Mira Ungewitter: "Gott ist Feministin"Seelsorgerin als Safe Space

Die Theologin Mira Ungewitter schaut aus feministischer Perspektive auf Bibel, Christentum und Leben.

Mira Ungewitter ist die Pastorin der freien Baptistengemeinde in Wien – und vor allem eine liberale Theologin. Ihr Glaube bedeutet für sie Freiheit, sie versteht ihn als ein tägliches Abenteuer. Für Ungewitter schließen sich inbesondere Feminismus und Glaube nicht aus. Schließlich hat Gott alle Menschen unabhängig von ihrem Geschlecht mit gleicher Würde und den gleichen Rechten geschaffen. Deshalb möchte Ungewitter dem patriarchalen System Kirche etwas entgegensetzen. „Ein Großteil meiner feministischen Überzeugungen wurde in meiner katholischen Schulzeit bereits gefördert“, sagt die ehemalige Schülerin einer katholischen Mädchenschule.

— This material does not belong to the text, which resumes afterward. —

(* Consider algorithm DIST-OPT as described in the context with all delays bounded by $\tau_{\max}$, and let $\boldsymbol\lambda(t)=(\underline\lambda(t),\bar\lambda(t))\in\mathbb R^{2N}$ be its dual iterates, with the convention $\boldsymbol\lambda(s)=0$ for $s<0$. Define $$g(t)=\begin{bmatrix}\underline v-v(p(t),q(t))\\ v(p(t),q(t))-\bar v\end{bmatrix}.$$ Then for all $t\in\mathbb N$, $$\|\nabla D(\boldsymbol\lambda(t))-g(t)\|\le L\sqrt N\sum_{\tau=t-t_0}^{t-1}\|\boldsymbol\lambda(\tau)-\boldsymbol\lambda(\tau+1)\|,$$ where $t_0=d(\tau_{\max}+1)$ and $L=2(\|R\|^2+\|X\|^2)/a_{\min}$.
   Context: Network: a radial network is a tree on nodes $\{0,1,\dots,N\}$ rooted at node $0$; $\mathcal N=\{1,\dots,N\}$. Each $i\in\mathcal N$ has a unique parent $\sigma_i\in\{0,\dots,N\}$. Each edge $(h,k)$ ($h$ the parent of $k$) has resistance $r_{hk}\ge0$ and reactance $x_{hk}\ge0$. $\mathcal P_i$ is the set of edges on the path from $0$ to $i$. Define $N\times N$ matrices $R_{ij}=2\sum_{(h,k)\in\mathcal P_i\cap\mathcal P_j}r_{hk}$ and $X_{ij}=2\sum_{(h,k)\in\mathcal P_i\cap\mathcal P_j}x_{hk}$. $\texttt{dist}(i,j)$ is the number of edges on the tree path between $i$ and $j$, and $d=\max_{i,j\in\mathcal N}\texttt{dist}(i,j)$. Voltage model: $v(p,q)=Rp+Xq+v_0\mathbf 1\in\mathbb R^N$ for a fixed $v_0\in\mathbb R$. $\|\cdot\|$ is the Euclidean norm on vectors and the spectral norm on matrices. Problem (P): given vectors $\underline v\le\bar v$, $\underline p\le\bar p$, $\underline q\le\bar q$ in $\mathbb R^N$ and reals $a_i^{P},a_i^{Q}>0$, $b_i^P,b_i^Q,c_i^P,c_i^Q$, minimize over $p,q\in\mathbb R^N$ the cost $C^P(p)+C^Q(q)$, where $C^P(p)=\sum_{i}(\tfrac{a_i^P}{2}p_i^2+b_i^Pp_i+c_i^P)$, $C^Q(q)=\sum_{i}(\tfrac{a_i^Q}{2}q_i^2+b_i^Qq_i+c_i^Q)$, subject to $\underline v\le v(p,q)\le\bar v$, $\underline p\le p\le\bar p$, $\underline q\le q\le\bar q$. Let $a_{\min}=\min\{a_1^P,\dots,a_N^P,a_1^Q,\dots,a_N^Q\}$. The dual function is $D(\boldsymbol\lambda)=\min_{(p,q)\in[\underline p,\bar p]\times[\underline q,\bar q]}\bigl[C^P(p)+C^Q(q)+\underline\lambda^\top(\underline v-v(p,q))+\bar\lambda^\top(v(p,q)-\bar v)\bigr]$ for $\boldsymbol\lambda=(\underline\lambda,\bar\lambda)\in\mathbb R^{2N}$; it is differentiable. Algorithm DIST-OPT. For $i\in\mathcal N$, the algorithmic parent of $i$ is $\sigma_i$ if $\sigma_i\neq0$; if $\sigma_i=0$, $i$ has no algorithmic parent. Let $\mathcal C_i=\{j\in\mathcal N:\sigma_j=i\}$. For each $j\in\mathcal N$ having an algorithmic parent and each $t\in\mathbb N$, there are delays $\tau^{\uparrow}_j(t),\tau^{\downarrow}_j(t)\in\mathbb Z_{\ge0}$. Write $[x]_a^b=\min(\max(x,a),b)$ and $\lceil x\rceil_+=\max(x,0)$. Initialization ($t=0$): for all $i\in\mathcal N$, $z_i^P(0)=z_i^Q(0)=\underline\lambda_i(0)=\bar\lambda_i(0)=\lambda_i(0)=0$ and $\alpha_i(0)=\beta_i^P(0)=\beta_i^Q(0)=\hat\alpha_i(0)=\hat\beta_i^P(0)=\hat\beta_i^Q(0)=0$; any message $\alpha_i(s),\beta_i^P(s),\beta_i^Q(s)$ with $s<0$ is $0$; if $i$ has no algorithmic parent then $\hat\beta_i^P(t)=\hat\beta_i^Q(t)=0$ for all $t$. For $t=0,1,2,\dots$ and every $i\in\mathcal N$: (1) $p_i(t)=\bigl[(z_i^P(t)-b_i^P)/a_i^P\bigr]_{\underline p_i}^{\bar p_i}$ and $q_i(t)=\bigl[(z_i^Q(t)-b_i^Q)/a_i^Q\bigr]_{\underline q_i}^{\bar q_i}$. (2) $v(t)=v(p(t),q(t))$; $\underline\lambda_i(t+1)=\lceil\underline\lambda_i(t)+\gamma(\underline v_i-v_i(t))\rceil_+$, $\bar\lambda_i(t+1)=\lceil\bar\lambda_i(t)+\gamma(v_i(t)-\bar v_i)\rceil_+$, $\lambda_i(t+1)=\underline\lambda_i(t+1)-\bar\lambda_i(t+1)$, with step size $\gamma>0$. (3) $\alpha_i(t+1)=\lambda_i(t+1)+\sum_{j\in\mathcal C_i}\hat\alpha_j(t)$, and for each $j\in\mathcal C_i$: $\beta_j^P(t+1)=R_{ii}\bigl(\lambda_i(t+1)+\sum_{r\in\mathcal C_i\setminus\{j\}}\hat\alpha_r(t)\bigr)+\hat\beta_i^P(t)$ and $\beta_j^Q(t+1)=X_{ii}\bigl(\lambda_i(t+1)+\sum_{r\in\mathcal C_i\setminus\{j\}}\hat\alpha_r(t)\bigr)+\hat\beta_i^Q(t)$. For each $j$ with an algorithmic parent: $\hat\alpha_j(t+1)=\alpha_j(t+1-\tau^{\uparrow}_j(t))$, $\hat\beta_j^P(t+1)=\beta_j^P(t+1-\tau^{\downarrow}_j(t))$, $\hat\beta_j^Q(t+1)=\beta_j^Q(t+1-\tau^{\downarrow}_j(t))$. (4) $z_i^P(t+1)=R_{ii}\bigl(\lambda_i(t+1)+\sum_{j\in\mathcal C_i}\hat\alpha_j(t+1)\bigr)+\hat\beta_i^P(t+1)$ and $z_i^Q(t+1)=X_{ii}\bigl(\lambda_i(t+1)+\sum_{j\in\mathcal C_i}\hat\alpha_j(t+1)\bigr)+\hat\beta_i^Q(t+1)$. *)

theory Defs
  imports "HOL-Analysis.Analysis"
begin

Grundsätzlich interpretiert Ungewitter Gott als geschlechtslos. Dennoch stellt sie die provokante Frage: Ist Gott Feministin? In ihrem Buch begibt sie sich auf die Suche nach Frauen in der Bibel, „die die Idee dieser Facette Gottes stützen können“. So stellt sich Gott etwa im biblischen Kontext auch mit weiblichen Zügen vor (Jesaja 66,13: „Ich will euch trösten, wie einen seine Mutter tröstet“). In diesem Sinne befragt Ungewitter die Schrift, die für sie zum Kompass geworden ist: „Als Theologin begreife ich die Bibel auch als einen Schatz, der Menschen weltweit durch Jahrtausende hindurch verbindet.“

Ungewitter beschreibt etwa Maria als selbstbewusste, junge Frau. Die Geschichte um Jesu Geburt ist für sie daher auch kein kitschig-romantisches Wintermärchen: „Schaut man sich die biblische Geschichte im Evangelium nach Lukas genauer an, ist die sogenannte Ankündigung der Geburt Jesu genau das: eine für Maria unerwartete, ungeplante und eigentlich unmögliche Schwangerschaft. Maria hat damit weder gerechnet noch hat sie geplant, schwanger zu werden.“ Doch sie reagiert souverän. „Die junge Maria überzeugt durch ihre mutige Zustimmung und ihr Gottvertrauen.“ Gleichzeitig schont Maria sich nicht. Während ihrer Schwangerschaft reist sie nicht nur in den Heimatort ihres Verlobten. Schon vorher bricht sie auf, allein, auf den 150 Kilometer langen Fußweg zu Elisabeth. Maria durchstreift die Jerusalemer Hügel und Berge. „Ich stelle mir vor, wie sie auf ihre Füße schaut. Die sie Schritt für Schritt in ein neues Leben hineintragen. Ein Leben ganz anders als geplant.“

Ihre frischen und durchdachten exegetischen Ausführungen verbindet die gebürtige Kölnerin im Plauderton mit eigenen Erfahrungen von Höhen und Tiefen ihres Lebens, über die sie offen schreibt. Dabei gewährt sie sehr persönliche Einblicke: Sie erzählt Anekdoten aus ihrer Kindheit, fasst selbst den ersten Besuch beim Frauenarzt zusammen. Ungewitter teilt Momente des Kummers und Schmerzes, wenn sie von ihrer Mutter erzählt, die verstarb, als die Tochter gerade an ihrem jüngsten Buch über Christentum und Feminismus arbeitete.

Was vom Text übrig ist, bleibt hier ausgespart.